═══ SUPPLIED INFORMATION

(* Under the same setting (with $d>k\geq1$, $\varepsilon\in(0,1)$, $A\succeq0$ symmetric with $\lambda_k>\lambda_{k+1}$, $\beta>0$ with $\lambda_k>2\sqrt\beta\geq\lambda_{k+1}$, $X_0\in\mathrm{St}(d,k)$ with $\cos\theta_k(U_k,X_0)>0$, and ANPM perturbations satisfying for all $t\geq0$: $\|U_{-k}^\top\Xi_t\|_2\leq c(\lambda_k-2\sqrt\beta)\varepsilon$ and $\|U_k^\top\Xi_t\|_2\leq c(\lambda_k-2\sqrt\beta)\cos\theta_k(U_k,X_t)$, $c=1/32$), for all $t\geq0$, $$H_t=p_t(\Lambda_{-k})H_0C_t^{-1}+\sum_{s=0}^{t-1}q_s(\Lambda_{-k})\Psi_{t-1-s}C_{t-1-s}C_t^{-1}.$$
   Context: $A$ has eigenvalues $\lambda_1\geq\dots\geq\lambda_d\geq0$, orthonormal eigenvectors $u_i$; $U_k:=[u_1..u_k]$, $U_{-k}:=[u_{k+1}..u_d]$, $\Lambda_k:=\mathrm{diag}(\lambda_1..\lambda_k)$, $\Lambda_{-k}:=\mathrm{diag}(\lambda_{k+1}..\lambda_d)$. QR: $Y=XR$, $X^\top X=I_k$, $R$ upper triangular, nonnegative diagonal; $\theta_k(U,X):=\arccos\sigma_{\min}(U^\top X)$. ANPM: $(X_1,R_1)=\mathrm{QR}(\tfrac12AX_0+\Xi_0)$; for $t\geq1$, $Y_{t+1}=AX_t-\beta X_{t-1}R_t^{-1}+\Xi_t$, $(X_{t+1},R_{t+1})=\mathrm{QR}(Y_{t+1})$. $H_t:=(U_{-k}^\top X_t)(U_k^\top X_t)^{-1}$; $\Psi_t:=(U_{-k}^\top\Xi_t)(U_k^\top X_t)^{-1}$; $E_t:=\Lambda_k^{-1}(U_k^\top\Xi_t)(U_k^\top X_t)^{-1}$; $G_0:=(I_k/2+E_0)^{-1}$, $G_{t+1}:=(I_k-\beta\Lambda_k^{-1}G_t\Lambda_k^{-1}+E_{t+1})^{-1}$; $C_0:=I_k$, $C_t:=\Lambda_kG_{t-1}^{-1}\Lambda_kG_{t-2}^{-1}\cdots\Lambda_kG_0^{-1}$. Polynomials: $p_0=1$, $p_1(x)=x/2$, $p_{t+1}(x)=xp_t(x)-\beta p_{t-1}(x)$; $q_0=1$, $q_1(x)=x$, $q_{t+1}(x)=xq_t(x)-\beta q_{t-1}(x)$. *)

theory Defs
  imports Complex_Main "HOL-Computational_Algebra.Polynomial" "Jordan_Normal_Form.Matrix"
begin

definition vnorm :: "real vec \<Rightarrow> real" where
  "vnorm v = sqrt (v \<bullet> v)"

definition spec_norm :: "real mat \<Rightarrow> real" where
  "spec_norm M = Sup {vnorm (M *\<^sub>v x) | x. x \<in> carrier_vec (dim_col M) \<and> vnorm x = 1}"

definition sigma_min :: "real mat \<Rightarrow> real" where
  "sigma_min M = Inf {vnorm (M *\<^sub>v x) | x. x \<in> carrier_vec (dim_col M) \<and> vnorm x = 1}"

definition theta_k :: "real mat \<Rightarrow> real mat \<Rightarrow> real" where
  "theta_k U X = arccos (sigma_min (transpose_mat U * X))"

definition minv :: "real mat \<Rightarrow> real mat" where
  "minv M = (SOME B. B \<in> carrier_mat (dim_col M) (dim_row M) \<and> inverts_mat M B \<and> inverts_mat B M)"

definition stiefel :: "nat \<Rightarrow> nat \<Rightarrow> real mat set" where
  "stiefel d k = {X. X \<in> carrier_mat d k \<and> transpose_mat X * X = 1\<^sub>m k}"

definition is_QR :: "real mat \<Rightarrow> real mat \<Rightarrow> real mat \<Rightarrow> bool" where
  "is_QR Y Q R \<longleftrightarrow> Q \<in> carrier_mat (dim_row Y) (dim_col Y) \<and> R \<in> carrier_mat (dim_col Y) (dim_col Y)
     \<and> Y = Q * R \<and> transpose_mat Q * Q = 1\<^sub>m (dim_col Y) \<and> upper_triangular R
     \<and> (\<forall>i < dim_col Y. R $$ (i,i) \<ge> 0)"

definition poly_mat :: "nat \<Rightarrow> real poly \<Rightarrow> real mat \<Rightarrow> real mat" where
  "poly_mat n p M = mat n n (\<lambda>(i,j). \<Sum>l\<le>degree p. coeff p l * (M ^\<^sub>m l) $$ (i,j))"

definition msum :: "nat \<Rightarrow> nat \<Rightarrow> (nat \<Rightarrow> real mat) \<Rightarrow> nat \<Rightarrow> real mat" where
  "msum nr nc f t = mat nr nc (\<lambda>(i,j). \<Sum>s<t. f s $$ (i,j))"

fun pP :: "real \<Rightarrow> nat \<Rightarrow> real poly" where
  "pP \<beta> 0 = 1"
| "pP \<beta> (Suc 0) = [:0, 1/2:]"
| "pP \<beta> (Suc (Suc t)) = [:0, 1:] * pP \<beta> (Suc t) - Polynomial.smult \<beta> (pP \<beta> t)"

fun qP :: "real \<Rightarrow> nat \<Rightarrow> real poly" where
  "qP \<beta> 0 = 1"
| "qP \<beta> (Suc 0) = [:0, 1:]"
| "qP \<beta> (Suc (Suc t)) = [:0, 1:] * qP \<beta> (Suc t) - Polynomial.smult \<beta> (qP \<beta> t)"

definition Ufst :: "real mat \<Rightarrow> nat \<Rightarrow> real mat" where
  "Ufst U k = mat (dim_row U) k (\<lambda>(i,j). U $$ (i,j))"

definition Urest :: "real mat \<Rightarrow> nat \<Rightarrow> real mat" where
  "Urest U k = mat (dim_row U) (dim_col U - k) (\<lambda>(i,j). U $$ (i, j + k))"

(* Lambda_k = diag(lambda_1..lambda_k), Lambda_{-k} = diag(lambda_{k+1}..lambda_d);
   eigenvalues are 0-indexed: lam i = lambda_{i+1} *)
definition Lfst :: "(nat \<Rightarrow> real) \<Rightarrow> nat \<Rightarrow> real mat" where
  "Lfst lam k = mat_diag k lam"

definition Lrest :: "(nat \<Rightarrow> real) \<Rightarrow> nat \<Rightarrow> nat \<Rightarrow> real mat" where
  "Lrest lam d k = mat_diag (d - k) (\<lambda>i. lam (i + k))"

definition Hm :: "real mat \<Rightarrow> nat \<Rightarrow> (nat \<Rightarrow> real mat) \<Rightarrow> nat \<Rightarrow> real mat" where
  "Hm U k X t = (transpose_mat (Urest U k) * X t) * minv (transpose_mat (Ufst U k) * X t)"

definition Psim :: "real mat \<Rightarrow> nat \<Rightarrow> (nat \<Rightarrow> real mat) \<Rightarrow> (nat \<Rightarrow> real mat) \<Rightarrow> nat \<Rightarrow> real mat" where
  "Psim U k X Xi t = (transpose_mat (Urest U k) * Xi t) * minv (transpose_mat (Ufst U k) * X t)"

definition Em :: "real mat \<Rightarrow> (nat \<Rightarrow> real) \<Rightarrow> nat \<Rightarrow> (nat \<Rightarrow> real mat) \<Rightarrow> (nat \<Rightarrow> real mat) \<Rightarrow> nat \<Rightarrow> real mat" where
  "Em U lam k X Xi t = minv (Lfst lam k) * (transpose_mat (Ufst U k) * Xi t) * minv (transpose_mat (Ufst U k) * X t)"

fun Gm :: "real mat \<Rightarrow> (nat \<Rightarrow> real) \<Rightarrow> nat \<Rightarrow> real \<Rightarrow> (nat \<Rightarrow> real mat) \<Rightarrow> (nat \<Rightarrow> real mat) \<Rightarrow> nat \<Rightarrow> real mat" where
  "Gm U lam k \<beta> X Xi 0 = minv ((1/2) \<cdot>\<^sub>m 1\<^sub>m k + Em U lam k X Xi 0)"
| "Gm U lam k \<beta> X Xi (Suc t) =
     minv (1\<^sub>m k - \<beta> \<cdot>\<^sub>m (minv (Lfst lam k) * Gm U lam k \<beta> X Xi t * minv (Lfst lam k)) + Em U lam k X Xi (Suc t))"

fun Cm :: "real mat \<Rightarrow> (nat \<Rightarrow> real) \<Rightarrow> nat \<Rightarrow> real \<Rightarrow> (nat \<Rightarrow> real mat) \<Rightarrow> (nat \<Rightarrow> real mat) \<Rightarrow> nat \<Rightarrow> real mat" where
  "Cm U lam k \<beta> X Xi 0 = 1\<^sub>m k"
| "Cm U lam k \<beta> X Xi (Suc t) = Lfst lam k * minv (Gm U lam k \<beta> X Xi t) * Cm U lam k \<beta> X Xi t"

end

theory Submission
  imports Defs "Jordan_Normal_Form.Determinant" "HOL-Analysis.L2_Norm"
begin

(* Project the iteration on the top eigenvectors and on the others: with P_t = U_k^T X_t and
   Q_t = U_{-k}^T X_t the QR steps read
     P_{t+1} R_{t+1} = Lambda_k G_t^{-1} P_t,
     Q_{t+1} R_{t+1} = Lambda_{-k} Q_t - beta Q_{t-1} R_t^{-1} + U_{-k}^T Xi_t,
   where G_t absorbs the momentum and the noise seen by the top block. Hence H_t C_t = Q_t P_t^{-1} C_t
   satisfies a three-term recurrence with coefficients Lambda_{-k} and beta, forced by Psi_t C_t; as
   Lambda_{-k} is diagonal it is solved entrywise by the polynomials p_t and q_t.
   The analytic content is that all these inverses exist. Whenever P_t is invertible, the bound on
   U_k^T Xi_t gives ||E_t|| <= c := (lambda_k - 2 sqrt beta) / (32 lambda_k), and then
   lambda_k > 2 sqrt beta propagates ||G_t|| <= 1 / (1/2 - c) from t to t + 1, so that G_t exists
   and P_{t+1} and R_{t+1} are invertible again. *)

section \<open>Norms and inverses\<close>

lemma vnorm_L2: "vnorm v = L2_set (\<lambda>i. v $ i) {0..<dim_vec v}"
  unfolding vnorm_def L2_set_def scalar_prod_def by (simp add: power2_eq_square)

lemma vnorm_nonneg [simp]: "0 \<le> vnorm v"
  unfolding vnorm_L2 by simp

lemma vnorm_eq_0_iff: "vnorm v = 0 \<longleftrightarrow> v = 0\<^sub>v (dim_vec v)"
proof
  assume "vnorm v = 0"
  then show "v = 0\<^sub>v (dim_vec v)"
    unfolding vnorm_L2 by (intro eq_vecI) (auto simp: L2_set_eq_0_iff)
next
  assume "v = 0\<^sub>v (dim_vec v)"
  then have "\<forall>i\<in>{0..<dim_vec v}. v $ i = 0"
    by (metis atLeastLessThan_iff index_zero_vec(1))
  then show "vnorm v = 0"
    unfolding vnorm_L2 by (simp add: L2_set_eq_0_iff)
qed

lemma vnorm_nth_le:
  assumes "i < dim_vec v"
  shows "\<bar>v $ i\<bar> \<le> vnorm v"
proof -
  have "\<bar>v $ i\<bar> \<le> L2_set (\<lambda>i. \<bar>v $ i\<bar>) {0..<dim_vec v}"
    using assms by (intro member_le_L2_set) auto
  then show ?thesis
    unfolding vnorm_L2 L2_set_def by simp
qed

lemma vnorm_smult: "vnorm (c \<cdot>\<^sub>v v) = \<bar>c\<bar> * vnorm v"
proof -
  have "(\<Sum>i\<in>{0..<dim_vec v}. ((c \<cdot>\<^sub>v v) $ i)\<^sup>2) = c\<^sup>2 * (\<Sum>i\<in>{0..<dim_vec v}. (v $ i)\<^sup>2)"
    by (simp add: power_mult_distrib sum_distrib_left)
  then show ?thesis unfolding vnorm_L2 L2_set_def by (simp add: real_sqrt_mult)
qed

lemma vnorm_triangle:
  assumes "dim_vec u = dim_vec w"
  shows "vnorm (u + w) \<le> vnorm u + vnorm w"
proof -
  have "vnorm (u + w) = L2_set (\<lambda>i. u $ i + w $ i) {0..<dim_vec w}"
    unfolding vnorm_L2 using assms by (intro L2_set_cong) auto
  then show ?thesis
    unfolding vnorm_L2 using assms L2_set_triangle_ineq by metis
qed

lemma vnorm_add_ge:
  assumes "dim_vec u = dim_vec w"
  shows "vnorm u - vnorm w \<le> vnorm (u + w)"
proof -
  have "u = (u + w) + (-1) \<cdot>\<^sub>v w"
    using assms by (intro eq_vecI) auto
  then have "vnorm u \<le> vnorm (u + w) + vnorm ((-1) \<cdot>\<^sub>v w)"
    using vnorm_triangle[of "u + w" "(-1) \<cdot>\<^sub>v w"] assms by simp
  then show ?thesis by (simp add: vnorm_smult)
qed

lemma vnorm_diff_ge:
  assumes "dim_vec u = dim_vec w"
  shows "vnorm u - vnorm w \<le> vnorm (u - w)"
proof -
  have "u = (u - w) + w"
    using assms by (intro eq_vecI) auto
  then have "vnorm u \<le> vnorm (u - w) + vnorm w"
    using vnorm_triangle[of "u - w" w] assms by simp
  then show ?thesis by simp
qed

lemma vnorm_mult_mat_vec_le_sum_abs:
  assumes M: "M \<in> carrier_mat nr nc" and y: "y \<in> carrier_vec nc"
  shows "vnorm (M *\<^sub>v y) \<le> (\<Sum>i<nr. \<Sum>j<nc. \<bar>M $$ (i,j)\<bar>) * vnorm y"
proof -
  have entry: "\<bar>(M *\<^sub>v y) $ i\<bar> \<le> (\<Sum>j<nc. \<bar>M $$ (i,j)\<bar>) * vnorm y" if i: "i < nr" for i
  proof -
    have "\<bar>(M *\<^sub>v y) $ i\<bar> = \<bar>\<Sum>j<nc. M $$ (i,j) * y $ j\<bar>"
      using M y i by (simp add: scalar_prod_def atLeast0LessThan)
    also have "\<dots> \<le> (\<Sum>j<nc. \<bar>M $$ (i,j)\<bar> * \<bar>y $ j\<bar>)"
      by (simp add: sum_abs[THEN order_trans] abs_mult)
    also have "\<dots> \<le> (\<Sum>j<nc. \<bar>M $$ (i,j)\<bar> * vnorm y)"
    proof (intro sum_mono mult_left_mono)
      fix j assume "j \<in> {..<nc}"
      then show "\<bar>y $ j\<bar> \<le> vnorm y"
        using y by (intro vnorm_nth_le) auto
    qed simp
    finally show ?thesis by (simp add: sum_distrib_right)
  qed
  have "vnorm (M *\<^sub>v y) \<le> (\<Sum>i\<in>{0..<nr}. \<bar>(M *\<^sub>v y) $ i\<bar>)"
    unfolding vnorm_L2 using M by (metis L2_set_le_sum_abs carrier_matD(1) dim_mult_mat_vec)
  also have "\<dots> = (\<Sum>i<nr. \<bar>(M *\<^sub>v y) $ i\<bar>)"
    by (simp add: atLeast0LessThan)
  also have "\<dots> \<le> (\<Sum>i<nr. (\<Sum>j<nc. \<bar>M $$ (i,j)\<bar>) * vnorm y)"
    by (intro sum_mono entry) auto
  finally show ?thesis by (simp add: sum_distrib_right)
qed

══════

Show the lines of the records that include the string "Psim".

* EXERCISE RESULT *
definition Psim :: "real mat \<Rightarrow> nat \<Rightarrow> (nat \<Rightarrow> real mat) \<Rightarrow> (nat \<Rightarrow> real mat) \<Rightarrow> nat \<Rightarrow> real mat" where
  "Psim U k X Xi t = (transpose_mat (Urest U k) * Xi t) * minv (transpose_mat (Ufst U k) * X t)"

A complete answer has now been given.